Documentation ¶
Overview ¶
This package compiles graph files describing a non-deterministic automaton to a compact(ed) deterministic automaton.
Usage ccda [IN] OUT Compiles the input graph file IN and writes the automaton to OUT. If IN is omitted, the graph file is read from stdin.
ccda -R [-start] [-end] IN [FILE...] Reads the compact(ed) automaton from IN and rewrites FILE... to stout using the automaton as rewrite lexicon. If no files are given, the input is read from stdin.
Graph file syntax ¶
Lines starting with `#` are comments; empty lines are ignored. ¶
# State names # 0 denotes the initial state; there cannot be more than one initial state. # State names are strings without any whitespace. They cannot contain `@` and/or `\` # and cannot start with `_`. # Final states have to be marked using `#final NAME REWRITE`.
# Final states # To mark the state NAME final and set its rewrite string use: #final NAME final string data ...
# Transitions # Transitions denote transitions from a state to the next. # Use valid state name to reference different states. # To denote a transition from SRC state to DST state accepting EXPR # use: SRC DST EXPR # To denote an empty (automatic) transition from SRC to DST use: SRC DST # Note that any leading and/or subsequent whitespace around SRC, EXPR and DST # are ignored.
# Replacements (macros) # To denote the replacement of XXX with YYY in all EXPR use: #define XXX YYY
# Special symbols # The following symbols have a special meaning in EXPR: # - `.()[]*+?\` # To use any of the above symols literally in an expression, # you have to escape them using `\`. This includes symbols # in macros and within square brackets (`[...]`).
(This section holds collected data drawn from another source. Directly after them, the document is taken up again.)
text \<open>v-leaky messages. Since ln 0 is the junk value 0 in Isabelle, the case
  Pr[R(U_H)=y] = 0 < Pr[R(U)=y] (log ratio = -infinity) is treated as leaky explicitly.\<close>
definition Leak :: "real \<Rightarrow> nat \<Rightarrow> nat set \<Rightarrow> (nat \<Rightarrow> 'y pmf) \<Rightarrow> 'y set" where
  "Leak v d H R = {y. pmf (rand_out {1..d} R) y \<noteq> 0 \<and>
      (pmf (rand_out H R) y = 0 \<or>
       \<bar>ln (pmf (rand_out H R) y / pmf (rand_out {1..d} R) y)\<bar> > v)}"

end

theory Submission
  imports Defs
begin

text \<open>Fix a message y with Pr[R(U) = y] > 0. By privacy the weights
  a x = Pr[R(x) = y] / Pr[R(U) = y] lie in [e^-eps, e^eps] and sum to d over [d], and
  y can be v-leaky for H only if the weights over H sum to d/2 up to an error of at
  least d v / 4. A uniformly random half H is obtained by pairing up a uniformly
  random ordering of [d] and keeping one element of each pair by a fair coin; given
  the ordering, the sum over H is then a sum of d/2 independent bounded terms, so
  Hoeffding's inequality and the choice of v show that y is leaky with probability at
  most beta. By Fubini the expected R_i(U)-mass of the leaky messages is at most beta,
  and Markov's inequality with a union bound over the n randomizers yields the first
  claim with probability 5/6. The second follows from it, since privacy gives
  Pr[R(U_H) \<in> Y] \<le> e^eps Pr[R(U) \<in> Y] for every set Y.\<close>

section \<open>Uniformly random halves\<close>

definition pair_choice :: "nat \<Rightarrow> 'a list \<Rightarrow> (nat \<Rightarrow> bool) \<Rightarrow> 'a set" where
  "pair_choice k xs c = (\<lambda>j. xs ! (2 * j + of_bool (c j))) ` {..<k}"

lemma inj_on_pair_choice:
  assumes "distinct xs" "length xs = 2 * k"
  shows "inj_on (\<lambda>j. xs ! (2 * j + of_bool (c j))) {..<k}"
proof (rule inj_onI)
  fix i j
  assume "i \<in> {..<k}" "j \<in> {..<k}" "xs ! (2 * i + of_bool (c i)) = xs ! (2 * j + of_bool (c j))"
  then have "2 * i + of_bool (c i) = 2 * j + (of_bool (c j) :: nat)"
    using assms by (subst (asm) nth_eq_iff_index_eq) auto
  then show "i = j"
    by (cases "c i"; cases "c j") auto
qed

lemma pair_choice_subset_card:
  assumes "xs \<in> permutations_of_set A" "card A = 2 * k"
  shows "pair_choice k xs c \<subseteq> A" "card (pair_choice k xs c) = k"
proof -
  have "distinct xs" "set xs = A" "length xs = 2 * k"
    using assms length_finite_permutations_of_set[OF assms(1)] by (auto simp: permutations_of_set_def)
  then show "pair_choice k xs c \<subseteq> A" "card (pair_choice k xs c) = k"
    using inj_on_pair_choice[of xs k c] unfolding pair_choice_def by (auto simp: card_image)
qed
# Include graph files # To include the contents of another file use: #include /path/to/file
# Renaming state names # To rename state names (or parts of state names) use: #rename OLD NEW
################################################## # Expressions (assuming a final state named `1`) # ##################################################
# Character classes # Accepted language: A|B|...|Z|a|b|...|z 0 1 [A-Za-z]
# Negated character classes # Accepts any sequence of characters without a or b 0 1 [^ab]*
# Dot accepts anything # Accepts any sequence of characters. 0 1 .*
# One or more matches # Accepted language: (a|b|...|z)(a|b|...|z)* 0 1 ([a-z])+
# Zero or more matches # Accepted language: (a|b|...|z)* 0 1 [a-z]*
# Optional matches # Accepted language: (0|1|...|9)+(((.(0|1|...|9)+)|ε) 0 1 [0-9]+(.[0-9]+)?
# Combination of expressions # Accepted language: (abc)*(0|1|...|9)+ 0 1 (abc)*[0-9]+
# Empty transitions # Accepted language: (a|b|...|z)* 0 1 [a-z] 1 0 0 1
# Macros # Accepted language: (a|b|...|z)(0|1|...|9)+ #define <d> [0-9] #define <l> [a-z] 0 2 <l> 2 1 <d>+
# Dictionaries # Accepted language: abc|def 0 1 @dict @dict abc @dict def
# Accepted language: [0-9](abc|def) 0 1 [0-9]@dict @dict abc @dict def
# Accepted language: (abc|def)[0-9] 0 1 @dict[0-9] @dict abc @dict def
# Accepted language: (abc|def)ghi 0 1 (@dict)ghi @dict abc @dict def
# Escape syntax: # Accepted language: ([|])* 0 1 ([\[\]])*
# Escape sequences: # Accepted language: iä🦖 0 1 \x69\u00e4\U0001F996
# Unicode classes: # unicode classes can be used in [...] expression or direct in # normal expressions. use \pN to refer to the unicode class N or # \p{NAME} to refer to the unicode class NAME.